Scan the records below for the line containing "in markov_weight (pruned_p" and the line containing "unfolding Let_def k_eq". Copy both, plus every line between, exactly.

_Input data_:
==========

lemma pruned_path_segment:
  assumes k: "1 \<le> k" and T: "T \<subseteq> {2..n}" and seg: "(t, t') \<in> segments n T"
  defines "P \<equiv> pruned_path k n T" and "d \<equiv> real t' - real t"
  defines "l \<equiv> \<lceil>log 2 d / real k\<rceil> + 1"
    and "ts \<equiv> sorted_list_of_set (insert 1 P \<inter> {t..<t'})"
  defines "xs \<equiv> ts @ [t']"
  shows "t \<in> insert 1 P \<and> t' \<in> insert (n + 1) P \<and>
    int (card (insert 1 P \<inter> {t..<t'})) \<le> l \<and> hd ts = t \<and> int (length ts) \<le> l \<and>
    (\<forall>f :: real \<Rightarrow> real. mono_on {0..} f \<longrightarrow> (\<forall>x\<ge>0. f x \<ge> 0) \<longrightarrow>
       (\<Sum>i<length ts. f (real (xs ! Suc i) - real (xs ! i)))
         \<le> (\<Sum>i<length ts - 1. f (d / 2 powr (real i * real k))) + f d
     \<and> (\<Sum>i<length ts - 1. f (d / 2 powr (real i * real k))) + f d
         \<le> integral {0..log 2 d / real k} (\<lambda>x. f (d / 2 powr (x * real k))) + 2 * f d)"
proof -
  define N where "N = chain_length k t t'"
  note bounds = segments_bounds[OF T seg]
  have ts: "ts = map (aligned_chain k t) [0..<Suc N]"
    unfolding ts_def P_def pruned_path_inter_segment[OF k T seg] N_def
    by (rule sorted_list_of_chain_points)
  have card: "card (insert 1 P \<inter> {t..<t'}) = length ts"
    unfolding ts_def by simp
  have "real N < log 2 d / real k + 1"
    using chain_length_lt_log[OF k bounds(1,2)] by (simp add: N_def d_def)
  then have "int (Suc N) \<le> l" unfolding l_def by linarith
  moreover have "t \<in> insert 1 P \<and> t' \<in> insert (n + 1) P"
    using seg subset_pruned_path[OF T] unfolding segments_def P_def by blast
  moreover have "hd ts = t" unfolding ts by (simp del: upt_Suc add: upt_conv_Cons)
  moreover have "mono_on {0..} f \<Longrightarrow> \<forall>x\<ge>0. 0 \<le> f x \<Longrightarrow>
       (\<Sum>i<Suc N. f (real (xs ! Suc i) - real (xs ! i)))
         \<le> (\<Sum>i<N. f (d / 2 powr (real i * real k))) + f d
     \<and> (\<Sum>i<N. f (d / 2 powr (real i * real k))) + f d
         \<le> integral {0..log 2 d / real k} (\<lambda>x. f (d / 2 powr (x * real k))) + 2 * f d"
    for f :: "real \<Rightarrow> real"
    using sum_chain_gaps_le[OF k bounds(1,2)] sum_powr_le_integral[of f d "real k" N] bounds k
      \<open>real N < log 2 d / real k + 1\<close>
    unfolding xs_def ts d_def N_def by auto
  ultimately show ?thesis using card by (simp add: ts)
qed

lemma floor_log2_Suc_natE:
  assumes "1 \<le> g"
  obtains k :: nat where "real_of_int \<lfloor>log 2 (real g + 1)\<rfloor> = real k" "1 \<le> k" "2 ^ k \<le> g + 1"
proof
  define k where "k = nat \<lfloor>log 2 (real g + 1)\<rfloor>"
  have "1 \<le> log 2 (real g + 1)" using assms by simp
  then show k_eq: "real_of_int \<lfloor>log 2 (real g + 1)\<rfloor> = real k" and "1 \<le> k"
    unfolding k_def by linarith+
  have "real k \<le> log 2 (real g + 1)" using k_eq of_int_floor_le by metis
  then have "2 powr real k \<le> real g + 1" by (subst (asm) le_log_iff) auto
  then have "real (2 ^ k) \<le> real (g + 1)" by (simp add: powr_realpow)
  then show "2 ^ k \<le> g + 1" by (simp only: of_nat_le_iff)
qed

theorem lemma3:
  fixes p :: "nat \<Rightarrow> nat \<Rightarrow> real" and g n :: nat and T :: "nat set"
  assumes p_range: "\<And>t t'. 1 \<le> t' \<Longrightarrow> t' < t \<Longrightarrow> 0 < p t t' \<and> p t t' < 1"
    and g: "g \<ge> 1" and n: "n \<ge> 1"
    and T: "T \<in> trans_paths n"
  shows "\<exists>T' \<in> trans_paths n. \<forall>(t, t') \<in> segments n T.
    (let k = real_of_int \<lfloor>log 2 (real g + 1)\<rfloor>;
         l = \<lceil>log 2 (real t' - real t) / k\<rceil> + 1;
         ts = sorted_list_of_set (insert 1 T' \<inter> {t..<t'});
         l' = length ts;
         xs = ts @ [t']
     in markov_weight (pruned_p g p) n T' > 0 \<and>
        t \<in> insert 1 T' \<and> t' \<in> insert (n + 1) T' \<and>
        int (card (insert 1 T' \<inter> {t..<t'})) \<le> l \<and>
        hd ts = t \<and> int l' \<le> l \<and>
        (\<forall>f :: real \<Rightarrow> real. mono_on {0..} f \<longrightarrow> (\<forall>x\<ge>0. f x \<ge> 0) \<longrightarrow>
           (\<Sum>i<l'. f (real (xs ! Suc i) - real (xs ! i)))
             \<le> (\<Sum>i<l' - 1. f ((real t' - real t) / 2 powr (real i * k))) + f (real t' - real t)
         \<and> (\<Sum>i<l' - 1. f ((real t' - real t) / 2 powr (real i * k))) + f (real t' - real t)
             \<le> integral {0..log 2 (real t' - real t) / k}
                  (\<lambda>x. f ((real t' - real t) / 2 powr (x * k))) + 2 * f (real t' - real t)))"
proof -
  obtain k where k_eq: "real_of_int \<lfloor>log 2 (real g + 1)\<rfloor> = real k" and k: "1 \<le> k" "2 ^ k \<le> g + 1"
    using floor_log2_Suc_natE[OF g] .
  have T_sub: "T \<subseteq> {2..n}" using T by (simp add: trans_paths_def)
  have weight: "0 < markov_weight (pruned_p g p) n (pruned_path k n T)"
    using markov_weight_pruned_path_pos[OF p_range k T_sub] .
  show ?thesis
    unfolding Let_def k_eq
  proof (rule bexI[where x = "pruned_path k n T"])
    show "pruned_path k n T \<in> trans_paths n"
      using pruned_path_subset[OF k(1) T_sub] by (simp add: trans_paths_def)
  qed (use weight pruned_path_segment[OF k(1) T_sub] in fast)
qed

end
theorem corollary4p3:
  fixes f :: "real ^ 'n \<Rightarrow> real ^ 'm \<Rightarrow> real ^ 'n"
    and X X0 :: "(real ^ 'n) set" and U :: "(real ^ 'm) set"
    and N s :: nat
    and l :: "nat \<Rightarrow> real ^ 'n \<Rightarrow> real ^ 'm \<Rightarrow> real"
    and F1 :: "real ^ 'n \<Rightarrow> real"
    and xe :: "real ^ 'n" and ue :: "real ^ 'm"
    and lam1 :: "real ^ 'n \<Rightarrow> real" and \<alpha> :: "real \<Rightarrow> real"
    and \<kappa> :: "real ^ 'n \<Rightarrow> real ^ 'm"
    and x0 :: "real ^ 'n"
    and x :: "nat \<Rightarrow> real ^ 'n" and ustar :: "nat \<Rightarrow> (real ^ 'm) list"
  assumes f_cont: "continuous_on UNIV (\<lambda>(z, v). f z v)"
    and X_ne: "X \<noteq> {}" and U_ne: "U \<noteq> {}" and X0_ne: "X0 \<noteq> {}" and X0_sub: "X0 \<subseteq> X"
    and N_ge: "N \<ge> 2" and s_ge: "s \<ge> 2"
    and F1_cont: "continuous_on X0 F1" and F1_nonneg: "\<forall>z\<in>X0. F1 z \<ge> 0"
    \<comment> \<open>Assumption A (i)\<close>
    and A1: "xe \<in> X" "ue \<in> U" "f xe ue = xe"
    \<comment> \<open>Assumption A (ii)\<close>
    and A2_bdd: "\<exists>c. \<forall>z\<in>X. c \<le> lam1 z" and A2_zero: "lam1 xe = 0"
    and A2_K: "K_inf \<alpha>"
    and A2_diss: "\<forall>z\<in>X. \<forall>v\<in>U.
        l 1 z v - l 1 xe ue + lam1 z - lam1 (f z v) \<ge> \<alpha> (norm (z - xe) + norm (v - ue))"
    \<comment> \<open>Assumption A (iii)\<close>
    and A3: "\<forall>i\<in>{1..s}. continuous_on (X \<times> U) (\<lambda>(z, v). l i z v)"
    \<comment> \<open>Assumption A (iv)\<close>
    and A4_xe: "xe \<in> X0"
    and A4: "\<forall>z\<in>X0. \<kappa> z \<in> U \<and> f z (\<kappa> z) \<in> X0
               \<and> F1 (f z (\<kappa> z)) + l 1 z (\<kappa> z) \<le> F1 z + l 1 xe ue"
    \<comment> \<open>Assumption A (v)\<close>
    and A5: "\<forall>z\<in>feasible_set f X U X0 N. externally_stable f X U X0 l F1 s N z"
    \<comment> \<open>initial state\<close>
    and x0_feas: "x0 \<in> feasible_set f X U X0 N"
    \<comment> \<open>Algorithm 1\<close>
    and alg_init: "x 0 = x0"
    and alg_eff: "\<forall>k. ustar k \<in> efficient_set f X U X0 l F1 s N (x k)"
    and alg_sel: "\<forall>k\<ge>1. Jcost f l F1 N 1 (x k) (ustar k)
                        \<le> Jcost f l F1 N 1 (x k) (shifted_seq f \<kappa> N (x (k - 1)) (ustar (k - 1)))"
    and alg_step: "\<forall>k. x (Suc k) = f (x k) (ustar k ! 0)"
  shows "x \<longlonglongrightarrow> xe
    \<and> (\<lambda>k. rotated_cost f (l 1) lam1 xe ue (x k) (ustar k ! 0)) \<longlonglongrightarrow> 0"
proof -
  \<comment> \<open>Only A (ii), A (iv) and the selection rule enter. The other hypotheses (continuity,
    the equilibrium, external stability) make Algorithm 1 well defined, which the given
    sequence ustar already presupposes.\<close>
  obtain c where c: "\<forall>z\<in>X. c \<le> lam1 z" using A2_bdd by blast
  have adm: "ustar k \<in> admissible f X U X0 N (x k)" for k
    using alg_eff unfolding efficient_set_def by blast
  have x_in_X: "x k \<in> X" for k
  proof (rule closed_loop_in_X[of x X N ustar f U X0])
    show "x 0 \<in> X" using x0_feas alg_init unfolding feasible_set_def by simp
  qed (use N_ge adm alg_step in auto)
  have u_in_U: "ustar k ! 0 \<in> U" for k
    using admissible_nth_in_U[OF adm] N_ge by simp
  have rot_ge: "\<forall>z\<in>X. \<forall>v\<in>U.
      \<alpha> (norm (z - xe) + norm (v - ue)) \<le> rotated_cost f (l 1) lam1 xe ue z v"
    using A2_diss unfolding rotated_cost_def by blast
  then have rot_nonneg: "\<forall>z\<in>X. \<forall>v\<in>U. 0 \<le> rotated_cost f (l 1) lam1 xe ue z v"
    using K_inf_nonneg[OF A2_K] by (meson add_nonneg_nonneg norm_ge_zero order_trans)
  define r where "r k = rotated_cost f (l 1) lam1 xe ue (x k) (ustar k ! 0)" for k
  define V where "V k = Jcost f l F1 N 1 (x k) (ustar k) + lam1 (x k)" for k
  have r_nonneg: "0 \<le> r k" for k
    unfolding r_def using rot_nonneg x_in_X u_in_U by blast
  have V_decrease: "V (Suc k) \<le> V k - r k" for k
  proof -
    have "\<forall>z\<in>X0. F1 (f z (\<kappa> z)) + l 1 z (\<kappa> z) \<le> F1 z + l 1 xe ue"
      using A4 by blast
    moreover have "Jcost f l F1 N 1 (f (x k) (ustar k ! 0)) (ustar (Suc k))
        \<le> Jcost f l F1 N 1 (f (x k) (ustar k ! 0)) (shifted_seq f \<kappa> N (x k) (ustar k))"
      using alg_sel alg_step by (metis diff_Suc_1 le_add1 plus_1_eq_Suc)
    ultimately show ?thesis
      using Jcost_plus_storage_decrease[where l = l, OF adm[of k]] N_ge alg_step
      unfolding V_def r_def by simp
  qed
  have V_bounded: "real N * l 1 xe ue + c \<le> V k" for k
    unfolding V_def
    by (rule Jcost_plus_storage_lower_bound[where l = l, OF adm x_in_X X0_sub rot_nonneg c F1_nonneg])
  have r_tendsto: "r \<longlonglongrightarrow> 0"
    using r_nonneg V_decrease V_bounded by (rule decrease_bounded_below_imp_LIMSEQ_zero)
  have "\<alpha> (norm (x k - xe)) \<le> r k" for k
  proof -
    have "\<alpha> (norm (x k - xe)) \<le> \<alpha> (norm (x k - xe) + norm (ustar k ! 0 - ue))"
      by (rule K_inf_mono[OF A2_K]) auto
    also have "\<dots> \<le> r k" unfolding r_def using rot_ge x_in_X u_in_U by blast
    finally show ?thesis .
  qed
  then have "x \<longlonglongrightarrow> xe" using r_tendsto by (rule K_inf_bound_imp_LIMSEQ[OF A2_K])
  then show ?thesis using r_tendsto unfolding r_def ..
qed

==========

_Answer for the task_:
     in markov_weight (pruned_p g p) n T' > 0 \<and>
        t \<in> insert 1 T' \<and> t' \<in> insert (n + 1) T' \<and>
        int (card (insert 1 T' \<inter> {t..<t'})) \<le> l \<and>
        hd ts = t \<and> int l' \<le> l \<and>
        (\<forall>f :: real \<Rightarrow> real. mono_on {0..} f \<longrightarrow> (\<forall>x\<ge>0. f x \<ge> 0) \<longrightarrow>
           (\<Sum>i<l'. f (real (xs ! Suc i) - real (xs ! i)))
             \<le> (\<Sum>i<l' - 1. f ((real t' - real t) / 2 powr (real i * k))) + f (real t' - real t)
         \<and> (\<Sum>i<l' - 1. f ((real t' - real t) / 2 powr (real i * k))) + f (real t' - real t)
             \<le> integral {0..log 2 (real t' - real t) / k}
                  (\<lambda>x. f ((real t' - real t) / 2 powr (x * k))) + 2 * f (real t' - real t)))"
proof -
  obtain k where k_eq: "real_of_int \<lfloor>log 2 (real g + 1)\<rfloor> = real k" and k: "1 \<le> k" "2 ^ k \<le> g + 1"
    using floor_log2_Suc_natE[OF g] .
  have T_sub: "T \<subseteq> {2..n}" using T by (simp add: trans_paths_def)
  have weight: "0 < markov_weight (pruned_p g p) n (pruned_path k n T)"
    using markov_weight_pruned_path_pos[OF p_range k T_sub] .
  show ?thesis
    unfolding Let_def k_eq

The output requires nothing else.